Problem: Your answer should show every line of the material below that includes "assms".

Dataset content:

(* Work in IST. Let $\varepsilon>0$ be infinitesimal, $f:\mathbb{R}\to\mathbb{R}$ $C^1$-limited, $h:\mathbb{R}^2\to\mathbb{R}$ $C^1$-limited and never vanishing, and $g:\mathbb{R}^2\to\mathbb{R}$ of class $C^1$ with $\inf g>0$ and $\inf g$ not infinitesimal. Consider $$\frac{dx}{dt}=h(x,y),\qquad \frac{dy}{dt}=\frac{1}{\varepsilon}g(x,y)\big(f(x)-y\big).$$ Let $(x_0,y_0)$ be a limited point not in the halo of the graph of $f$, and let $(x(t),y(t))$ be the solution with $(x(0),y(0))=(x_0,y_0)$. Then there exists $t^*>0$ such that: (1) $t^*\sim0$; (2) $x(t)\sim x_0$ for all $t\in[0,t^*]$; (3) $y(t^* )\sim f(x_0)$; (4) for every limited $t>t^*$, $y(t)\sim f(x(t))$.
   Context: Nonstandard vocabulary (IST): infinitesimal = absolute value smaller than every standard positive real; limited = bounded in absolute value by some standard real; $a\sim b$ means $a-b$ infinitesimal; the halo of a set $E\subset\mathbb{R}^2$ is the set of points infinitely close to some point of $E$. A function is $C^1$-limited if it and its (partial) derivatives are bounded by a limited constant. *)

theory Defs
  imports "HOL-Analysis.Analysis"
begin

definition C1_bounded1 :: "(real \<Rightarrow> real) \<Rightarrow> real \<Rightarrow> bool" where
  "C1_bounded1 f K \<longleftrightarrow> (\<exists>f'. continuous_on UNIV f' \<and>
     (\<forall>u. (f has_real_derivative f' u) (at u)) \<and>
     (\<forall>u. \<bar>f u\<bar> \<le> K \<and> \<bar>f' u\<bar> \<le> K))"

definition C1_2 :: "(real \<times> real \<Rightarrow> real) \<Rightarrow> (real \<times> real \<Rightarrow> real) \<Rightarrow> (real \<times> real \<Rightarrow> real) \<Rightarrow> bool" where
  "C1_2 h hx hy \<longleftrightarrow> continuous_on UNIV hx \<and> continuous_on UNIV hy \<and>
     (\<forall>p. (h has_derivative (\<lambda>(u, v). hx p * u + hy p * v)) (at p))"

definition C1_bounded2 :: "(real \<times> real \<Rightarrow> real) \<Rightarrow> real \<Rightarrow> bool" where
  "C1_bounded2 h K \<longleftrightarrow> (\<exists>hx hy. C1_2 h hx hy \<and>
     (\<forall>p. \<bar>h p\<bar> \<le> K \<and> \<bar>hx p\<bar> \<le> K \<and> \<bar>hy p\<bar> \<le> K))"

definition C1_fun2 :: "(real \<times> real \<Rightarrow> real) \<Rightarrow> bool" where
  "C1_fun2 g \<longleftrightarrow> (\<exists>gx gy. C1_2 g gx gy)"

end

theory Submission
  imports Defs
begin
lemma mesh_Theta_graded:
  assumes "\<alpha> > 0" and "\<sigma> > 0" and "\<epsilon> > 0" and "even N" and "N > 0" and "N div 2 < i"
  shows "mesh_Theta \<sigma> \<epsilon> \<alpha> \<phi> N i =
           min (\<sigma> / \<alpha> * (\<phi> (1 - real (i - 1) / real N) - \<phi> (1 - real i / real N))) 1
           * exp (- \<phi> (1 - real i / real N))"
proof -
  have xi: "mesh_x \<sigma> \<epsilon> \<alpha> \<phi> N i = 1 - \<sigma> * \<epsilon> / \<alpha> * \<phi> (1 - real i / real N)"
    using assms(4-6) by (intro mesh_x_graded) auto
  have xi1: "mesh_x \<sigma> \<epsilon> \<alpha> \<phi> N (i - 1) = 1 - \<sigma> * \<epsilon> / \<alpha> * \<phi> (1 - real (i - 1) / real N)"
    using assms(4-6) by (intro mesh_x_graded) auto
  have "mesh_x \<sigma> \<epsilon> \<alpha> \<phi> N i - mesh_x \<sigma> \<epsilon> \<alpha> \<phi> N (i - 1)
          = \<epsilon> * (\<sigma> / \<alpha> * (\<phi> (1 - real (i - 1) / real N) - \<phi> (1 - real i / real N)))"
    unfolding xi xi1 by (simp add: algebra_simps)
  moreover have "- \<alpha> * (1 - mesh_x \<sigma> \<epsilon> \<alpha> \<phi> N i) / (\<sigma> * \<epsilon>) = - \<phi> (1 - real i / real N)"
    unfolding xi using assms(1-3) by (simp add: field_simps)
  ultimately show ?thesis
    unfolding mesh_Theta_def using assms(3) by simp
qed

lemma graded_nodes_in_half:
  assumes "even N" and "N > 0" and "i \<in> {N div 2 + 1..N}"
  shows "0 \<le> 1 - real i / real N" and "1 - real (i - 1) / real N \<le> 1/2"
    and "(1 - real (i - 1) / real N) - (1 - real i / real N) = 1 / real N"
proof -
  show "0 \<le> 1 - real i / real N" using assms(2,3) by (simp add: field_simps)
  have "1/2 = real (N div 2) / real N" using assms(1,2) by (auto elim!: evenE)
  also have "\<dots> \<le> real (i - 1) / real N" using assms(3) by (intro divide_right_mono) auto
  finally show "1 - real (i - 1) / real N \<le> 1/2" by linarith
  show "(1 - real (i - 1) / real N) - (1 - real i / real N) = 1 / real N"
    using assms(3) by (simp add: of_nat_diff field_simps)
qed

lemma mesh_Theta_le_exp_diff:
  assumes "\<alpha> > 0" and "\<sigma> > 0" and "\<epsilon> > 0" and "even N" and "N > 0"
    and "i \<in> {N div 2 + 1..N}"
    and mono: "\<And>x y. 0 \<le> x \<Longrightarrow> x \<le> y \<Longrightarrow> y \<le> 1/2 \<Longrightarrow> \<phi> x \<le> \<phi> y"
  shows "mesh_Theta \<sigma> \<epsilon> \<alpha> \<phi> N i \<le>
           2 * max (\<sigma> / \<alpha>) 1 * (exp (- \<phi> (1 - real i / real N)) - exp (- \<phi> (1 - real (i - 1) / real N)))"
proof -
  define a where "a = 1 - real i / real N"
  define b where "b = 1 - real (i - 1) / real N"
  have "0 \<le> a" and "b \<le> 1/2" and "b - a = 1 / real N"
    unfolding a_def b_def by (fact graded_nodes_in_half[OF assms(4-6)])+
  moreover have "1 / real N > 0" using assms(5) by simp
  ultimately have "\<phi> a \<le> \<phi> b" by (intro mono) linarith+
  have "mesh_Theta \<sigma> \<epsilon> \<alpha> \<phi> N i = min (\<sigma> / \<alpha> * (\<phi> b - \<phi> a)) 1 * exp (- \<phi> a)"
    unfolding a_def b_def using assms(6) by (intro mesh_Theta_graded) (use assms in auto)
  also have "\<dots> \<le> 2 * max (\<sigma> / \<alpha>) 1 * (1 - exp (- (\<phi> b - \<phi> a))) * exp (- \<phi> a)"
    using min_mult_le_one_minus_exp[of "\<sigma> / \<alpha>" "\<phi> b - \<phi> a"] \<open>\<phi> a \<le> \<phi> b\<close> assms(1,2)
    by (intro mult_right_mono) auto
  also have "\<dots> = 2 * max (\<sigma> / \<alpha>) 1 * (exp (- \<phi> a) - exp (- \<phi> b))"
    by (simp add: algebra_simps flip: exp_add)
  finally show ?thesis unfolding a_def b_def .
qed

Answer:
    using assms(4-6) by (intro mesh_x_graded) auto
    using assms(4-6) by (intro mesh_x_graded) auto
    unfolding xi using assms(1-3) by (simp add: field_simps)
    unfolding mesh_Theta_def using assms(3) by simp
  show "0 \<le> 1 - real i / real N" using assms(2,3) by (simp add: field_simps)
  have "1/2 = real (N div 2) / real N" using assms(1,2) by (auto elim!: evenE)
  also have "\<dots> \<le> real (i - 1) / real N" using assms(3) by (intro divide_right_mono) auto
    using assms(3) by (simp add: of_nat_diff field_simps)
    unfolding a_def b_def by (fact graded_nodes_in_half[OF assms(4-6)])+
  moreover have "1 / real N > 0" using assms(5) by simp
    unfolding a_def b_def using assms(6) by (intro mesh_Theta_graded) (use assms in auto)
    using min_mult_le_one_minus_exp[of "\<sigma> / \<alpha>" "\<phi> b - \<phi> a"] \<open>\<phi> a \<le> \<phi> b\<close> assms(1,2)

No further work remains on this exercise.